In this notebook I use the [National Health and Nutrition Examination Survey Data I (NHANES 1) Epidemiologic Follow-up Study (NHEFS)](https://wwwn.cdc.gov/nchs/nhanes/nhefs/).

The data can be found in the [R package: causaldata](https://cran.r-project.org/web/packages/causaldata/causaldata.pdf).
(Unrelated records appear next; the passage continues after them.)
lemma norm_add3_eq_sum_of_bounds:
  fixes a b c :: complex
  assumes "cmod a \<le> 1" "cmod b \<le> s" "cmod c \<le> t" "cmod (a + b + c) = 1 + s + t"
  shows "cmod a = 1 \<and> b = of_real s * a \<and> c = of_real t * a"
proof -
  have "cmod (a + b + c) \<le> cmod (a + b) + cmod c" "cmod (a + b) \<le> cmod a + cmod b"
    by (rule norm_triangle_ineq)+
  then have ab: "cmod (a + b) = cmod a + cmod b" and abc: "cmod (a + b + c) = cmod (a + b) + cmod c"
    and na: "cmod a = 1" and nb: "cmod b = s" and nc: "cmod c = t"
    using assms by linarith+
  from ab have "cmod a *\<^sub>R b = cmod b *\<^sub>R a" by (simp add: norm_triangle_eq)
  then have b: "b = of_real s * a" using na nb by (simp add: scaleR_conv_of_real)
  from abc have "cmod (a + b) *\<^sub>R c = cmod c *\<^sub>R (a + b)" by (simp add: norm_triangle_eq)
  then have "of_real (1 + s) * c = of_real (1 + s) * (of_real t * a)"
    using ab na nb nc b by (simp add: scaleR_conv_of_real algebra_simps)
  moreover have "1 + s \<noteq> 0" using nb norm_ge_zero[of b] by linarith
  ultimately show ?thesis using na b by (simp del: of_real_add)
qed

lemma sup_norm_r_peak_polynomial:
  assumes \<mu>: "cmod \<mu> = 1" and \<mu>w: "\<mu> * w = of_real r" and r: "0 < r"
  shows "sup_norm_r r (\<lambda>u. 1 + \<mu> * u + \<mu> ^ n * u ^ n) = 1 + r + r ^ n"
proof -
  have "cmod w = r" using \<mu>w \<mu> r by (metis abs_of_pos mult_cancel_right2 norm_mult norm_of_real)
  have pw: "cmod (1 + \<mu> * w + \<mu> ^ n * w ^ n) = 1 + r + r ^ n"
  proof -
    have "1 + \<mu> * w + \<mu> ^ n * w ^ n = of_real (1 + r + r ^ n)"
      by (simp add: \<mu>w power_mult_distrib[symmetric])
    moreover have "0 < 1 + r + r ^ n" using r by (simp add: add_pos_nonneg)
    ultimately show ?thesis by (simp only: norm_of_real abs_of_pos)
  qed
  have "sup_norm_r r (\<lambda>u. 1 + \<mu> * u + \<mu> ^ n * u ^ n) = cmod (1 + \<mu> * w + \<mu> ^ n * w ^ n)"
  proof (rule sup_norm_r_eq_maximum)
    fix u :: complex assume u: "u \<in> cball 0 r"
    have "cmod (1 + \<mu> * u + \<mu> ^ n * u ^ n) \<le> 1 + cmod u + cmod u ^ n"
      using norm_triangle_ineq[of "1 + \<mu> * u" "\<mu> ^ n * u ^ n"] norm_triangle_ineq[of 1 "\<mu> * u"] \<mu>
      by (simp add: norm_mult norm_power)
    also have "\<dots> \<le> 1 + r + r ^ n" using u power_mono[of "cmod u" r n] by simp
    finally show "cmod (1 + \<mu> * u + \<mu> ^ n * u ^ n) \<le> cmod (1 + \<mu> * w + \<mu> ^ n * w ^ n)"
      using pw by simp
  qed (use \<open>cmod w = r\<close> in simp)
  then show ?thesis using pw by simp
qed

lemma infinite_sphere_complex:
  assumes "0 < r" shows "infinite (sphere (0::complex) r)"
proof
  assume "finite (sphere (0::complex) r)"
  moreover have "connected (sphere (0::complex) r)" by (rule connected_sphere) simp
  ultimately obtain a where "sphere (0::complex) r = {a}"
    using connected_finite_iff_sing assms by fastforce
  moreover have "complex_of_real r \<in> sphere 0 r" "- complex_of_real r \<in> sphere 0 r"
    using assms by auto
  ultimately show False using assms by auto
qed

lemma hol_conv_powser_partial_sums:
  fixes c :: "nat \<Rightarrow> complex"
  assumes sums: "\<And>z. z \<in> ball 0 1 \<Longrightarrow> (\<lambda>k. c k * z ^ k) sums f z"
  shows "hol_conv (\<lambda>N w. \<Sum>k<N. c k * w ^ k) f"
  unfolding hol_conv_def
proof (intro allI impI)
  fix K :: "complex set" assume K: "compact K \<and> K \<subseteq> ball 0 1"
  obtain \<rho> where \<rho>: "\<rho> < 1" "K \<subseteq> cball 0 \<rho>"
  proof (cases "K = {}")
    case True then show ?thesis using that[of 0] by auto
  next
    case False
    then obtain z where "z \<in> K" "\<forall>w\<in>K. norm w \<le> norm z"
      using continuous_attains_sup[OF _ False continuous_on_norm_id] K by blast
    then show ?thesis using that[of "norm z"] K by (auto simp: subset_iff)
  qed
  have "ereal \<rho> < 1" using \<rho>(1) by simp
  also have "1 \<le> conv_radius c"
  proof (rule conv_radius_geI_ex')
    fix t :: real assume "0 < t" "ereal t < 1"
    then show "summable (\<lambda>k. c k * of_real t ^ k)" using sums[of "of_real t"] sums_summable by auto
  qed
  finally have "ereal \<rho> < conv_radius c" .
  from powser_uniform_limit[OF this, of 0]
  have "uniform_limit (cball 0 \<rho>) (\<lambda>N w. \<Sum>k<N. c k * w ^ k) (\<lambda>w. \<Sum>k. c k * w ^ k) sequentially"
    by simp
  then have "uniform_limit (cball 0 \<rho>) (\<lambda>N w. \<Sum>k<N. c k * w ^ k) f sequentially"
  proof (rule uniform_limit_cong'[THEN iffD1, rotated 2])
    fix w :: complex assume "w \<in> cball 0 \<rho>"
    then show "(\<Sum>k. c k * w ^ k) = f w" using sums[of w] \<rho>(1) by (simp add: sums_iff)
  qed simp
  then show "uniform_limit K (\<lambda>N w. \<Sum>k<N. c k * w ^ k) f sequentially"
    by (rule uniform_limit_on_subset) (use \<rho> in auto)
qed

lemma bounded_meromorphic_remove_sings:
  assumes mero: "f meromorphic_on S" and S: "open S" "z \<in> S"
    and bound: "\<And>w. w \<in> S \<Longrightarrow> cmod (f w) \<le> B"
  shows "remove_sings f analytic_on {z}" "cmod (remove_sings f z) \<le> B"
proof -
  have iso: "isolated_singularity_at f z" and ness: "not_essential f z"
    using meromorphic_on_subset[OF mero, of "{z}"] S(2) by (auto simp: meromorphic_at_iff)
  have ev: "eventually (\<lambda>w. cmod (f w) \<le> B) (at z)"
    using eventually_at_in_open'[OF S] by eventually_elim (rule bound)
  have "\<not> is_pole f z"
  proof
    assume "is_pole f z"
    then have "eventually (\<lambda>w. B + 1 \<le> cmod (f w)) (at z)"
      by (simp add: is_pole_def filterlim_at_infinity_conv_norm_at_top filterlim_at_top)
    with ev have "eventually (\<lambda>w. False) (at z)" by eventually_elim simp
    then show False by simp
  qed
  then obtain c where c: "f \<midarrow>z\<rightarrow> c" using ness by (auto simp: not_essential_def)
  then show "remove_sings f analytic_on {z}" by (rule remove_sings_analytic_at[OF iso])
  have "cmod c \<le> B" using c ev by (intro Lim_norm_ubound) auto
  then show "cmod (remove_sings f z) \<le> B" using remove_sings_eqI[OF c] by simp
qed

lemma norm_Moebius_function_antipodal:
  assumes a: "a \<noteq> 0" and r: "0 \<le> r"
  shows "cmod (Moebius_function 0 a (- of_real (r / cmod a) * a)) = (r + cmod a) / (1 + r * cmod a)"
proof -
  define s where "s = cmod a"
  define w where "w = - of_real (r / s) * a"
  have s: "0 < s" using a by (simp add: s_def)
  have "cnj a * a = of_real (s\<^sup>2)" using complex_norm_square[of a] by (simp add: s_def mult.commute)
  then have "1 - cnj a * w = of_real (1 + r * s)"
    using s by (simp add: w_def power2_eq_square field_simps)
  moreover have "w - a = - of_real ((r + s) / s) * a" using s by (simp add: w_def field_simps)
  ultimately have "Moebius_function 0 a w = - of_real ((r + s) / s) * a / of_real (1 + r * s)"
    by (simp add: Moebius_function_simple)
  then have "cmod (Moebius_function 0 a w) = \<bar>(r + s) / s\<bar> * s / \<bar>1 + r * s\<bar>"
    by (simp only: norm_divide norm_mult norm_minus_cancel norm_of_real s_def)
  also have "\<dots> = (r + s) / (1 + r * s)" using s r by simp
  finally show ?thesis by (simp add: w_def s_def)
qed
We will compare the estimates from the random intercept model with Poisson Base using QuasiCopula.jl vs. MixedModels.jl
    
    - GROUPING: We will cluster by ID variable (seqn)
    - COVARIATES: Average price of tobacco in the state of residence (price)
    
    - OUTCOMES: Each outcome vector is a bivariate vector of the following counts:
    (1) NUMBER OF CIGARETTES SMOKED PER DAY IN 1971
    (2) NUMBER OF CIGARETTES SMOKED PER DAY IN 1982

In [1]:
versioninfo()

Julia Version 1.6.2
Commit 1b93d53fc4 (2021-07-14 15:36 UTC)
Platform Info:
  OS: macOS (x86_64-apple-darwin18.7.0)
  CPU: Intel(R) Core(TM) i9-9880H CPU @ 2.30GHz
  WORD_SIZE: 64
  LIBM: libopenlibm
  LLVM: libLLVM-11.0.1 (ORCJIT, skylake)
Environment:
  JULIA_NUM_THREADS = 8


In [2]:
using QuasiCopula, CSV, LinearAlgebra, DataFrames, GLM, MixedModels

┌ Info: Precompiling QuasiCopula [c47b6ae2-b804-4668-9957-eb588c99ffbc]
└ @ Base loading.jl:1342


In [3]:
BLAS.set_num_threads(1)
Threads.nthreads()

8

# Read in the dataset

In [4]:
df = CSV.read("nhefs_bivariate_count.csv", DataFrame)
df[!, :seqn] .= string.(df[!, :seqn])
df

Unnamed: 0_level_0,Column1,seqn,count,price
Unnamed: 0_level_1,Int64,String,Int64,Float64
1,1,233,30,2.18359
2,2,233,20,1.73999
3,3,235,20,2.34668
4,4,235,10,1.79736
5,5,244,20,1.56958
6,6,244,6,1.51343
7,7,245,3,1.50659
8,8,245,7,1.4519
9,9,252,20,2.34668
10,10,252,20,1.79736


### Form the random intercept model at fit using QuasiCopula.jl

In [9]:
y = :count
grouping = :seqn
covariates = [:price]

d = Poisson()
link = LogLink()
model = VC_model(df, y, grouping, covariates, d, link; penalized = true)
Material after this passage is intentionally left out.